In the past five years Microsoft has seen the mobile market take off without being part of the ride. It is not likely that Microsoft will sit idly by and watch the corporate desktop/laptop space be replaced, in large part, by iOS devices. One possible Microsoft response is to make Microsoft's server and networking products only work with their Windows 7x and 8 devices. While this may seem like a backwards move, it may be what ends up happening. When an animal is in trapped in the corner, that is when they are most dangerous and most irrational. Microsoft will do anything to protect their corporate market share and revenue stream. It's clear Microsoft's mobile offerings are no where near Apple, so the next move is to try to cut Apple and others off at the knees.
If Microsoft does take protective action, many IT departments will start to look elsewhere for networking and groupware services. But it's highly unlikely that IT departments will be successful in switching out iOS devices for Windows 7 products, due to IT teams giving their user choices. To reign in choice sets up ugly fight, one where the VP with an iPad typically wins. One such company that IT departments may look to is Google. Google provides groupware (scheduling and email) as well as Google Docs (office-like products). While iOS devices work with Google's cloud applications, this trend wouldn't be something Apple would necessarily cheer. Google could take advantage of this move by making its cloud services work best with Android devices, and in this scenario Apple becomes the odd man out.

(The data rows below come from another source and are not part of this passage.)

(* Let $\mathbf{x}\in\mathrm{Mat}_{m\times n}(\mathbb{C}^* )$ and $i\in[m-1]$. Then $s_i(\mathbf{x})=R_i(\mathbf{x})$, where $s_i(\mathbf{x})=e_i^{\varepsilon_i(\mathbf{x})/\varphi_i(\mathbf{x})}(\mathbf{x})=e_i^{\pi_{i+1}/\pi_i}(\mathbf{x})$.
   Context: Rows $\mathbf{x}_i=(x_i^1,\dots,x_i^n)$, $\pi_i=\prod_{j=1}^nx_i^j$. For $u,v\in(\mathbb{C}^* )^n$, $\sigma^j(u,v;c)=\sum_{r=1}^nc^{\mathbb{1}_{r\le j}}v^1\cdots v^{r-1}u^{r+1}\cdots u^n$, $\sigma(u,v)=\sigma^j(u,v;1)$. The basic $\mathrm{GL}_m$-geometric crystal structure on $m\times n$ matrices (the product $(X_m)^n$ over columns) has $\varepsilon_i(\mathbf{x})=\pi_{i+1}/\sigma(\mathbf{x}_i,\mathbf{x}_{i+1})$, $\varphi_i(\mathbf{x})=\pi_i/\sigma(\mathbf{x}_i,\mathbf{x}_{i+1})$, and $e_i^c$ fixes rows other than $i,i+1$ and replaces $x_i^j$ by $x_i^j\sigma^j/\sigma^{j-1}$ and $x_{i+1}^j$ by $x_{i+1}^j\sigma^{j-1}/\sigma^j$ with $\sigma^k=\sigma^k(\mathbf{x}_i,\mathbf{x}_{i+1};c)$. The geometric $R$-matrix is $R((x_1,\dots,x_n),(y_1,\dots,y_n))=((y_1',\dots,y_n'),(x_1',\dots,x_n'))$ with $y'_j=y_j\kappa_{j+1}/\kappa_j$, $x'_j=x_j\kappa_j/\kappa_{j+1}$, $\kappa_r=\sum_{k=0}^{n-1}y_r\cdots y_{r+k-1}x_{r+k+1}\cdots x_{r+n-1}$ (subscripts mod $n$); $R_i$ replaces rows $(\mathbf{x}_i,\mathbf{x}_{i+1})$ by $(\mathbf{x}'_{i+1},\mathbf{x}'_i)$, where $(\mathbf{x}'_{i+1},\mathbf{x}'_i)=R(\mathbf{x}_i,\mathbf{x}_{i+1})$. *)

theory Defs
  imports Complex_Main
begin

text \<open>Matrices are functions x :: nat => nat => complex, entry x i j in row i, column j,
  indices 1-based (rows 1..m, columns 1..n). A row is a function nat => complex.\<close>

definition rowprod :: "nat \<Rightarrow> (nat \<Rightarrow> nat \<Rightarrow> complex) \<Rightarrow> nat \<Rightarrow> complex" where
  "rowprod n x i = (\<Prod>j=1..n. x i j)"

definition sigma_c :: "nat \<Rightarrow> (nat \<Rightarrow> complex) \<Rightarrow> (nat \<Rightarrow> complex) \<Rightarrow> nat \<Rightarrow> complex \<Rightarrow> complex" where
  "sigma_c n u v j c = (\<Sum>r=1..n. (if r \<le> j then c else 1) * (\<Prod>k=1..<r. v k) * (\<Prod>k=r+1..n. u k))"

text \<open>sigma(u,v) = sigma^j(u,v;1) (independent of j)\<close>
definition sigma :: "nat \<Rightarrow> (nat \<Rightarrow> complex) \<Rightarrow> (nat \<Rightarrow> complex) \<Rightarrow> complex" where
  "sigma n u v = sigma_c n u v n 1"

definition eps :: "nat \<Rightarrow> nat \<Rightarrow> (nat \<Rightarrow> nat \<Rightarrow> complex) \<Rightarrow> complex" where
  "eps n i x = rowprod n x (i+1) / sigma n (x i) (x (i+1))"

definition phi :: "nat \<Rightarrow> nat \<Rightarrow> (nat \<Rightarrow> nat \<Rightarrow> complex) \<Rightarrow> complex" where
  "phi n i x = rowprod n x i / sigma n (x i) (x (i+1))"

definition e_op :: "nat \<Rightarrow> nat \<Rightarrow> complex \<Rightarrow> (nat \<Rightarrow> nat \<Rightarrow> complex) \<Rightarrow> (nat \<Rightarrow> nat \<Rightarrow> complex)" where
  "e_op n i c x = (\<lambda>a b.
     (let s = (\<lambda>k. sigma_c n (x i) (x (i+1)) k c) in
      if 1 \<le> b \<and> b \<le> n then
        (if a = i then x i b * s b / s (b - 1)
         else if a = i + 1 then x (i+1) b * s (b - 1) / s b
         else x a b)
      else x a b))"

definition s_op :: "nat \<Rightarrow> nat \<Rightarrow> (nat \<Rightarrow> nat \<Rightarrow> complex) \<Rightarrow> (nat \<Rightarrow> nat \<Rightarrow> complex)" where
  "s_op n i x = e_op n i (eps n i x / phi n i x) x"

text \<open>Reduce an index into 1..n modulo n.\<close>
definition idx :: "nat \<Rightarrow> nat \<Rightarrow> nat" where
  "idx n k = (k + n - 1) mod n + 1"

definition kappa :: "nat \<Rightarrow> (nat \<Rightarrow> complex) \<Rightarrow> (nat \<Rightarrow> complex) \<Rightarrow> nat \<Rightarrow> complex" where
  "kappa n x y r = (\<Sum>k=0..<n. (\<Prod>t=0..<k. y (idx n (r + t))) * (\<Prod>t=k+1..<n. x (idx n (r + t))))"

definition geomR :: "nat \<Rightarrow> (nat \<Rightarrow> complex) \<Rightarrow> (nat \<Rightarrow> complex) \<Rightarrow> (nat \<Rightarrow> complex) \<times> (nat \<Rightarrow> complex)" where
  "geomR n x y =
     ((\<lambda>j. y j * kappa n x y (idx n (j+1)) / kappa n x y j),
      (\<lambda>j. x j * kappa n x y j / kappa n x y (idx n (j+1))))"

text \<open>R_i replaces rows (x_i, x_{i+1}) by (x'_{i+1}, x'_i) where (x'_{i+1}, x'_i) = R(x_i, x_{i+1}).\<close>
definition R_op :: "nat \<Rightarrow> nat \<Rightarrow> (nat \<Rightarrow> nat \<Rightarrow> complex) \<Rightarrow> (nat \<Rightarrow> nat \<Rightarrow> complex)" where
  "R_op n i x = (\<lambda>a b.
     if 1 \<le> b \<and> b \<le> n then
       (if a = i then fst (geomR n (x i) (x (i+1))) b
        else if a = i + 1 then snd (geomR n (x i) (x (i+1))) b
        else x a b)
     else x a b)"

end

(* With c = pi_(i+1) / pi_i, multiplying sigma^j(u,v;c) by u_1...u_j gives kappa_(j+1)(u,v) times
   v_1...v_j, summand by summand: for r > j the r-th summand of sigma^j is already a summand of
   kappa_(j+1), while for r <= j the factor c = v_1...v_n / u_1...u_n supplies the missing v's and
   cancels u's, so that the monomial wraps cyclically around the row.  Dividing this identity at j
   by the one at j - 1 turns the ratios sigma^j / sigma^(j-1) in e_i^c into kappa_(j+1) / kappa_j,
   which are the ratios in the geometric R-matrix. *)

theory Submission
  imports Defs
begin

lemma idx_eq_self: "1 \<le> s \<Longrightarrow> s \<le> n \<Longrightarrow> idx n s = s"
  unfolding idx_def by (cases s) auto

lemma idx_eq_minus: "n < s \<Longrightarrow> s \<le> 2 * n \<Longrightarrow> idx n s = s - n"
  unfolding idx_def by (simp add: le_mod_geq)

lemma idx_idx:
  assumes "1 \<le> n"
  shows "idx n (idx n a + t) = idx n (a + t)"
proof -
  have "a + n - 1 + t = a + t + n - 1" using assms by simp
  then show ?thesis by (simp add: idx_def mod_add_left_eq)
qed

lemma kappa_idx: "1 \<le> n \<Longrightarrow> kappa n x y (idx n r) = kappa n x y r"
  by (simp add: kappa_def idx_idx)

lemma prod_idx_shift:
  "(\<Prod>t=a..<b. f (idx n (c + t))) = (\<Prod>s=c+a..<c+b. f (idx n s))"
  using prod.shift_bounds_nat_ivl[of "\<lambda>s. f (idx n s)" a c b] by (simp add: add.commute)

lemma prod_idx_eq_self:
  "1 \<le> p \<Longrightarrow> q \<le> n + 1 \<Longrightarrow> (\<Prod>s=p..<q. f (idx n s)) = (\<Prod>s=p..<q. f s)"
  by (rule prod.cong) (auto simp: idx_eq_self)

lemma prod_idx_eq_shift_down:
  assumes "n + 1 \<le> p" "p \<le> q" "q \<le> 2 * n + 1"
  shows "(\<Prod>s=p..<q. f (idx n s)) = (\<Prod>s=p-n..<q-n. f s)"
proof -
  have "(\<Prod>s=p-n..<q-n. f s) = (\<Prod>s=p-n+n..<q-n+n. f (s - n))"
    using prod.shift_bounds_nat_ivl[of "\<lambda>s. f (s - n)" "p - n" n "q - n"] by simp
  also have "\<dots> = (\<Prod>s=p..<q. f (idx n s))"
    using assms by (intro prod.cong) (auto simp: idx_eq_minus)
  finally show ?thesis by simp
qed

lemma prod_atLeastAtMost_split:
  fixes f :: "nat \<Rightarrow> 'a::comm_monoid_mult"
  assumes "m \<le> k + 1" "k \<le> n"
  shows "(\<Prod>s=m..n. f s) = (\<Prod>s=m..k. f s) * (\<Prod>s=k+1..n. f s)"
  using prod.ub_add_nat[of m k f "n - k"] assms by simp

definition kappa_term :: "nat \<Rightarrow> (nat \<Rightarrow> complex) \<Rightarrow> (nat \<Rightarrow> complex) \<Rightarrow> nat \<Rightarrow> nat \<Rightarrow> complex" where
  "kappa_term n x y r k = (\<Prod>t=0..<k. y (idx n (r + t))) * (\<Prod>t=k+1..<n. x (idx n (r + t)))"

lemma kappa_eq_sum_kappa_term: "kappa n x y r = (\<Sum>k=0..<n. kappa_term n x y r k)"
  by (simp add: kappa_def kappa_term_def)

lemma kappa_term_unwrapped:
  assumes "j < r" "r \<le> n"
  shows "(\<Prod>s=1..<r. v s) * (\<Prod>s=r+1..n. u s) * (\<Prod>s=1..j. u s)
       = kappa_term n u v (j + 1) (r - j - 1) * (\<Prod>s=1..j. v s)"
proof -
  have "kappa_term n u v (j + 1) (r - j - 1)
      = (\<Prod>s=j+1..<r. v (idx n s)) * (\<Prod>s=r+1..<j+1+n. u (idx n s))"
    unfolding kappa_term_def prod_idx_shift using assms by simp
  also have "(\<Prod>s=r+1..<j+1+n. u (idx n s))
           = (\<Prod>s=r+1..<n+1. u (idx n s)) * (\<Prod>s=n+1..<j+1+n. u (idx n s))"
    using assms by (intro prod.atLeastLessThan_concat[symmetric]) auto
  also have "\<dots> = (\<Prod>s=r+1..n. u s) * (\<Prod>s=1..j. u s)"
    using assms prod_idx_eq_self[of "r+1" "n+1" n u] prod_idx_eq_shift_down[of n "n+1" "j+1+n" u]
    by (simp add: atLeastLessThanSuc_atLeastAtMost)
  also have "(\<Prod>s=j+1..<r. v (idx n s)) = (\<Prod>s=j+1..<r. v s)"
    using assms by (intro prod_idx_eq_self) auto
  moreover have "(\<Prod>s=1..j. v s) * (\<Prod>s=j+1..<r. v s) = (\<Prod>s=1..<r. v s)"
    using assms prod.atLeastLessThan_concat[of 1 "j+1" r v]
    by (simp add: atLeastLessThanSuc_atLeastAtMost)
  ultimately show ?thesis by (simp add: ac_simps)
qed

lemma kappa_term_wrapped:
  assumes "1 \<le> r" "r \<le> j" "j \<le> n"
  shows "(\<Prod>s=1..n. v s) * (\<Prod>s=1..<r. v s) * (\<Prod>s=r+1..n. u s) * (\<Prod>s=1..j. u s)
       = kappa_term n u v (j + 1) (r + n - j - 1) * (\<Prod>s=1..n. u s) * (\<Prod>s=1..j. v s)"
proof -
  have "kappa_term n u v (j + 1) (r + n - j - 1)
      = (\<Prod>s=j+1..<r+n. v (idx n s)) * (\<Prod>s=r+n+1..<j+1+n. u (idx n s))"
    unfolding kappa_term_def prod_idx_shift using assms by simp
  also have "(\<Prod>s=j+1..<r+n. v (idx n s))
           = (\<Prod>s=j+1..<n+1. v (idx n s)) * (\<Prod>s=n+1..<r+n. v (idx n s))"
    using assms by (intro prod.atLeastLessThan_concat[symmetric]) auto
  also have "\<dots> = (\<Prod>s=j+1..n. v s) * (\<Prod>s=1..<r. v s)"
    using assms prod_idx_eq_self[of "j+1" "n+1" n v] prod_idx_eq_shift_down[of n "n+1" "r+n" v]
    by (simp add: atLeastLessThanSuc_atLeastAtMost)
  also have "(\<Prod>s=r+n+1..<j+1+n. u (idx n s)) = (\<Prod>s=r+1..j. u s)"
    using assms prod_idx_eq_shift_down[of n "r+n+1" "j+1+n" u]
    by (simp add: atLeastLessThanSuc_atLeastAtMost)
  moreover have "(\<Prod>s=1..n. v s) = (\<Prod>s=1..j. v s) * (\<Prod>s=j+1..n. v s)"
    using assms by (intro prod_atLeastAtMost_split) auto
  moreover have "(\<Prod>s=1..n. u s) = (\<Prod>s=1..r. u s) * (\<Prod>s=r+1..n. u s)"
    using assms by (intro prod_atLeastAtMost_split) auto
  moreover have "(\<Prod>s=1..j. u s) = (\<Prod>s=1..r. u s) * (\<Prod>s=r+1..j. u s)"
    using assms by (intro prod_atLeastAtMost_split) auto
  ultimately show ?thesis by (simp add: ac_simps)
qed

lemma sigma_c_mult_prod_eq_kappa_mult_prod:
  fixes u v :: "nat \<Rightarrow> complex"
  assumes "j \<le> n" and u: "\<forall>k\<in>{1..n}. u k \<noteq> 0"
  shows "sigma_c n u v j ((\<Prod>k=1..n. v k) / (\<Prod>k=1..n. u k)) * (\<Prod>k=1..j. u k)
       = kappa n u v (j + 1) * (\<Prod>k=1..j. v k)"
proof -
  define c where "c = (\<Prod>k=1..n. v k) / (\<Prod>k=1..n. u k)"
  define S where "S r = (if r \<le> j then c else 1) * (\<Prod>k=1..<r. v k) * (\<Prod>k=r+1..n. u k)" for r
  define T where "T = kappa_term n u v (j + 1)"
  define U where "U = (\<Prod>k=1..j. u k)"
  define V where "V = (\<Prod>k=1..j. v k)"
  have "(\<Prod>k=1..n. u k) \<noteq> 0" using u by simp
  then have wrapped: "S r * U = T (r + n - j - 1) * V" if "1 \<le> r" "r \<le> j" for r
    using kappa_term_wrapped[OF that \<open>j \<le> n\<close>, of v u] that
    unfolding S_def T_def U_def V_def c_def by (simp add: field_simps)
  have unwrapped: "S r * U = T (r - j - 1) * V" if "j < r" "r \<le> n" for r
    using kappa_term_unwrapped[OF that, of v u] that
    unfolding S_def T_def U_def V_def by (simp add: ac_simps)
  have "sigma_c n u v j c * U = (\<Sum>r=1..n. S r * U)"
    unfolding sigma_c_def S_def sum_distrib_right ..
  also have "\<dots> = (\<Sum>r=1..j. S r * U) + (\<Sum>r=j+1..n. S r * U)"
    using sum.ub_add_nat[of 1 j "\<lambda>r. S r * U" "n - j"] \<open>j \<le> n\<close> by simp
  also have "(\<Sum>r=1..j. S r * U) = (\<Sum>k=n-j..<n. T k * V)"
    by (rule sum.reindex_bij_witness[of _ "\<lambda>k. k + j + 1 - n" "\<lambda>r. r + n - j - 1"])
       (use \<open>j \<le> n\<close> wrapped in auto)
  also have "(\<Sum>r=j+1..n. S r * U) = (\<Sum>k=0..<n-j. T k * V)"
    by (rule sum.reindex_bij_witness[of _ "\<lambda>k. k + j + 1" "\<lambda>r. r - j - 1"])
       (use \<open>j \<le> n\<close> unwrapped in auto)
  also have "(\<Sum>k=n-j..<n. T k * V) + (\<Sum>k=0..<n-j. T k * V) = (\<Sum>k=0..<n. T k) * V"
    using sum.atLeastLessThan_concat[of 0 "n - j" n T] \<open>j \<le> n\<close>
    by (simp add: sum_distrib_right[symmetric]) (metis add.commute distrib_right)
  also have "(\<Sum>k=0..<n. T k) = kappa n u v (j + 1)"
    unfolding T_def kappa_eq_sum_kappa_term ..
  finally show ?thesis
    unfolding c_def U_def V_def .
qed

(* No hypothesis on the denominators is needed: s = 0 forces K = 0 (and s' = 0 forces K' = 0),
   and then both quotients are 0 by the convention x / 0 = 0. *)
lemma ratios_eq_of_cross_eqs:
  fixes s s' K K' U V a b :: "'a::field"
  assumes "s' * (U * a) = K' * (V * b)" "s * U = K * V"
    and "U \<noteq> 0" "V \<noteq> 0" "a \<noteq> 0" "b \<noteq> 0"
  shows "a * s' / s = b * K' / K" "b * s / s' = a * K / K'"
proof -
  have s': "s' = K' * V * b / (U * a)" and s: "s = K * V / U"
    using assms by (simp_all add: field_simps)
  show "a * s' / s = b * K' / K" "b * s / s' = a * K / K'"
    unfolding s' s using assms by (simp_all add: field_simps)
qed

lemma e_op_eq_R_op:
  assumes u: "\<forall>b\<in>{1..n}. x i b \<noteq> 0" and v: "\<forall>b\<in>{1..n}. x (i+1) b \<noteq> 0"
  shows "e_op n i (rowprod n x (i+1) / rowprod n x i) x = R_op n i x"
proof (intro ext)
  fix a b
  define c where "c = rowprod n x (i+1) / rowprod n x i"
  define sg where "sg j = sigma_c n (x i) (x (i+1)) j c" for j
  define K where "K = kappa n (x i) (x (i+1))"
  define U where "U = (\<Prod>k=1..b-1. x i k)"
  define V where "V = (\<Prod>k=1..b-1. x (i+1) k)"
  show "e_op n i c x a b = R_op n i x a b"
  proof (cases "b \<in> {1..n}")
    case False
    then show ?thesis unfolding e_op_def R_op_def by auto
  next
    case True
    have key: "sg j * (\<Prod>k=1..j. x i k) = K (j + 1) * (\<Prod>k=1..j. x (i+1) k)" if "j \<le> n" for j
      using sigma_c_mult_prod_eq_kappa_mult_prod[OF that u]
      unfolding sg_def K_def c_def rowprod_def .
    have "(\<Prod>k=1..b. f k) = (\<Prod>k=1..b-1. f k) * f b" for f :: "nat \<Rightarrow> complex"
      using True by (cases b) (auto simp: prod.cl_ivl_Suc)
    then have "sg b * (U * x i b) = K (b + 1) * (V * x (i+1) b)"
      using key[of b] True unfolding U_def V_def by simp
    moreover have "sg (b-1) * U = K b * V"
      using key[of "b-1"] True unfolding U_def V_def by auto
    moreover have "U \<noteq> 0" "V \<noteq> 0" "x i b \<noteq> 0" "x (i+1) b \<noteq> 0"
      using u v True unfolding U_def V_def by auto
    ultimately have "x i b * sg b / sg (b-1) = x (i+1) b * K (b+1) / K b"
      "x (i+1) b * sg (b-1) / sg b = x i b * K b / K (b+1)"
      by (rule ratios_eq_of_cross_eqs)+
    moreover have "K (idx n (b+1)) = K (b+1)"
      using True kappa_idx unfolding K_def by auto
    ultimately show ?thesis
      using True unfolding e_op_def R_op_def geomR_def sg_def K_def by (auto simp: Let_def)
  qed
qed

theorem proposition6p1:
  fixes m n i :: nat and x :: "nat \<Rightarrow> nat \<Rightarrow> complex"
  assumes nonzero: "\<forall>a\<in>{1..m}. \<forall>b\<in>{1..n}. x a b \<noteq> 0"
    and i_range: "1 \<le> i" "i + 1 \<le> m"
    and defined: "sigma n (x i) (x (i+1)) \<noteq> 0"
  shows "eps n i x / phi n i x = rowprod n x (i+1) / rowprod n x i
         \<and> s_op n i x = R_op n i x"
proof -
  have ratio: "eps n i x / phi n i x = rowprod n x (i+1) / rowprod n x i"
    using defined by (simp add: eps_def phi_def)
  have "\<forall>b\<in>{1..n}. x i b \<noteq> 0" "\<forall>b\<in>{1..n}. x (i+1) b \<noteq> 0"
    using nonzero i_range by auto
  then have "s_op n i x = R_op n i x"
    unfolding s_op_def ratio by (rule e_op_eq_R_op)
  with ratio show ?thesis by simp
qed

end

If Apple wants to think ahead, it should really rethink its server strategy. While the XServe wasn't selling well, offering a server that deliveres the best networking and groupware services for Apple devices only makes sense. Allowing Google to scoop up Microsoft defectors only gives Google more power in the mobile space.
Apple's "Xserve 2" doesn't have to be the über server, but it needs to be the best server to integrate and use iOS (and Mac) devices. While OS X Lion Server is close, Apple really needs to take the next step of hardware and software integration to make these services dead simple, giving corporations the ability to create their own private cloud solutions with ease.
If Apple doesn't want to build the hardware, then license their software to Dell or HP. However, the real Apple-way is to build an integrated hardware and software solution that is second-to-none.
Unless Apple does something different, someone will fill the void. What's worse, the solution that arrives is not likely to be in Apple's — or those of us who use iOS devices — best interest.